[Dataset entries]
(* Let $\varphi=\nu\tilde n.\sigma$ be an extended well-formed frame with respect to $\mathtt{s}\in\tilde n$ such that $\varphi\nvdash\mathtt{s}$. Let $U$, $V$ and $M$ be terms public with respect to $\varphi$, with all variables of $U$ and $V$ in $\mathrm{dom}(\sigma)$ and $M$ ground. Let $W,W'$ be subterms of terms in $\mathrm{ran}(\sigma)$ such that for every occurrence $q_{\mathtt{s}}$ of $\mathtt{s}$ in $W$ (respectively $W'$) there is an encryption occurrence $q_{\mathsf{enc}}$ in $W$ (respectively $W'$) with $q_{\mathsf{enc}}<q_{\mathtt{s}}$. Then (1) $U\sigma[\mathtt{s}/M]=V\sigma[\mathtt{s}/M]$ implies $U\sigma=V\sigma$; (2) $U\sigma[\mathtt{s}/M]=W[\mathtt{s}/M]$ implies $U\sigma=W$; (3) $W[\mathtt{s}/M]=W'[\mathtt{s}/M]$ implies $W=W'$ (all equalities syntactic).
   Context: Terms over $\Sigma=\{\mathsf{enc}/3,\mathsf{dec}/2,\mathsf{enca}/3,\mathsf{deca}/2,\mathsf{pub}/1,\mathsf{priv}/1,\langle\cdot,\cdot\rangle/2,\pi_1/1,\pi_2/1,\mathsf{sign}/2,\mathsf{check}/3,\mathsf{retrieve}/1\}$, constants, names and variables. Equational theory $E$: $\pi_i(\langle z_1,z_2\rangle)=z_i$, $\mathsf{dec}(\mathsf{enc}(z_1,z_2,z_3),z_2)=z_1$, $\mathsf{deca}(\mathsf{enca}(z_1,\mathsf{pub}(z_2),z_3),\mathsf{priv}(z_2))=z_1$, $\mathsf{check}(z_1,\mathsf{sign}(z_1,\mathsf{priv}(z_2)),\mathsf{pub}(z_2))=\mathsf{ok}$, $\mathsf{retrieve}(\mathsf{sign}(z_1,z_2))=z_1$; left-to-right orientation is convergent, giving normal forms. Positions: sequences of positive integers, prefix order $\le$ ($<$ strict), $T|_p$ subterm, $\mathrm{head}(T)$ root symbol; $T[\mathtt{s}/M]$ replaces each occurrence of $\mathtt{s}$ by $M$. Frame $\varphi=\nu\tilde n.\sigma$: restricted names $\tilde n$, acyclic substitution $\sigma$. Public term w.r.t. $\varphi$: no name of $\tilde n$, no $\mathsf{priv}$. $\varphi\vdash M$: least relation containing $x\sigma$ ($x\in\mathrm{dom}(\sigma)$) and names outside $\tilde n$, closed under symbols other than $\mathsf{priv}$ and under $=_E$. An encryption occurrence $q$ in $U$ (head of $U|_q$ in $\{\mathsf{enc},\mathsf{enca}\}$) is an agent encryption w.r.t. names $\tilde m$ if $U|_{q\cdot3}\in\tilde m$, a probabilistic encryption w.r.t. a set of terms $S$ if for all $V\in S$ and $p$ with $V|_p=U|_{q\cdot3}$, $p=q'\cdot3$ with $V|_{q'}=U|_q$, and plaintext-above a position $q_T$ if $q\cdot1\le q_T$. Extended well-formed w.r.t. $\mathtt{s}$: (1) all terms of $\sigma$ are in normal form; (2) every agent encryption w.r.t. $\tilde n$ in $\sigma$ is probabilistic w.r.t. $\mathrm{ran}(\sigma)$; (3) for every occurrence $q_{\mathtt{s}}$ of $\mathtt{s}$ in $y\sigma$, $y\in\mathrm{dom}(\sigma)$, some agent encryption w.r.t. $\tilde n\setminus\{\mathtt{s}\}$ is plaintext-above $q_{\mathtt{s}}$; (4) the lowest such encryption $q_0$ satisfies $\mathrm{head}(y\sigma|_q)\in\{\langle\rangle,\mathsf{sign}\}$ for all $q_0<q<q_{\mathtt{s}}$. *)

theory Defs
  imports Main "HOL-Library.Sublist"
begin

** TASK TO COMPLETE **
Retype the records above in full, exactly.

** OUTPUT FOR THIS EXERCISE **
(* Let $\varphi=\nu\tilde n.\sigma$ be an extended well-formed frame with respect to $\mathtt{s}\in\tilde n$ such that $\varphi\nvdash\mathtt{s}$. Let $U$, $V$ and $M$ be terms public with respect to $\varphi$, with all variables of $U$ and $V$ in $\mathrm{dom}(\sigma)$ and $M$ ground. Let $W,W'$ be subterms of terms in $\mathrm{ran}(\sigma)$ such that for every occurrence $q_{\mathtt{s}}$ of $\mathtt{s}$ in $W$ (respectively $W'$) there is an encryption occurrence $q_{\mathsf{enc}}$ in $W$ (respectively $W'$) with $q_{\mathsf{enc}}<q_{\mathtt{s}}$. Then (1) $U\sigma[\mathtt{s}/M]=V\sigma[\mathtt{s}/M]$ implies $U\sigma=V\sigma$; (2) $U\sigma[\mathtt{s}/M]=W[\mathtt{s}/M]$ implies $U\sigma=W$; (3) $W[\mathtt{s}/M]=W'[\mathtt{s}/M]$ implies $W=W'$ (all equalities syntactic).
   Context: Terms over $\Sigma=\{\mathsf{enc}/3,\mathsf{dec}/2,\mathsf{enca}/3,\mathsf{deca}/2,\mathsf{pub}/1,\mathsf{priv}/1,\langle\cdot,\cdot\rangle/2,\pi_1/1,\pi_2/1,\mathsf{sign}/2,\mathsf{check}/3,\mathsf{retrieve}/1\}$, constants, names and variables. Equational theory $E$: $\pi_i(\langle z_1,z_2\rangle)=z_i$, $\mathsf{dec}(\mathsf{enc}(z_1,z_2,z_3),z_2)=z_1$, $\mathsf{deca}(\mathsf{enca}(z_1,\mathsf{pub}(z_2),z_3),\mathsf{priv}(z_2))=z_1$, $\mathsf{check}(z_1,\mathsf{sign}(z_1,\mathsf{priv}(z_2)),\mathsf{pub}(z_2))=\mathsf{ok}$, $\mathsf{retrieve}(\mathsf{sign}(z_1,z_2))=z_1$; left-to-right orientation is convergent, giving normal forms. Positions: sequences of positive integers, prefix order $\le$ ($<$ strict), $T|_p$ subterm, $\mathrm{head}(T)$ root symbol; $T[\mathtt{s}/M]$ replaces each occurrence of $\mathtt{s}$ by $M$. Frame $\varphi=\nu\tilde n.\sigma$: restricted names $\tilde n$, acyclic substitution $\sigma$. Public term w.r.t. $\varphi$: no name of $\tilde n$, no $\mathsf{priv}$. $\varphi\vdash M$: least relation containing $x\sigma$ ($x\in\mathrm{dom}(\sigma)$) and names outside $\tilde n$, closed under symbols other than $\mathsf{priv}$ and under $=_E$. An encryption occurrence $q$ in $U$ (head of $U|_q$ in $\{\mathsf{enc},\mathsf{enca}\}$) is an agent encryption w.r.t. names $\tilde m$ if $U|_{q\cdot3}\in\tilde m$, a probabilistic encryption w.r.t. a set of terms $S$ if for all $V\in S$ and $p$ with $V|_p=U|_{q\cdot3}$, $p=q'\cdot3$ with $V|_{q'}=U|_q$, and plaintext-above a position $q_T$ if $q\cdot1\le q_T$. Extended well-formed w.r.t. $\mathtt{s}$: (1) all terms of $\sigma$ are in normal form; (2) every agent encryption w.r.t. $\tilde n$ in $\sigma$ is probabilistic w.r.t. $\mathrm{ran}(\sigma)$; (3) for every occurrence $q_{\mathtt{s}}$ of $\mathtt{s}$ in $y\sigma$, $y\in\mathrm{dom}(\sigma)$, some agent encryption w.r.t. $\tilde n\setminus\{\mathtt{s}\}$ is plaintext-above $q_{\mathtt{s}}$; (4) the lowest such encryption $q_0$ satisfies $\mathrm{head}(y\sigma|_q)\in\{\langle\rangle,\mathsf{sign}\}$ for all $q_0<q<q_{\mathtt{s}}$. *)

theory Defs
  imports Main "HOL-Library.Sublist"
begin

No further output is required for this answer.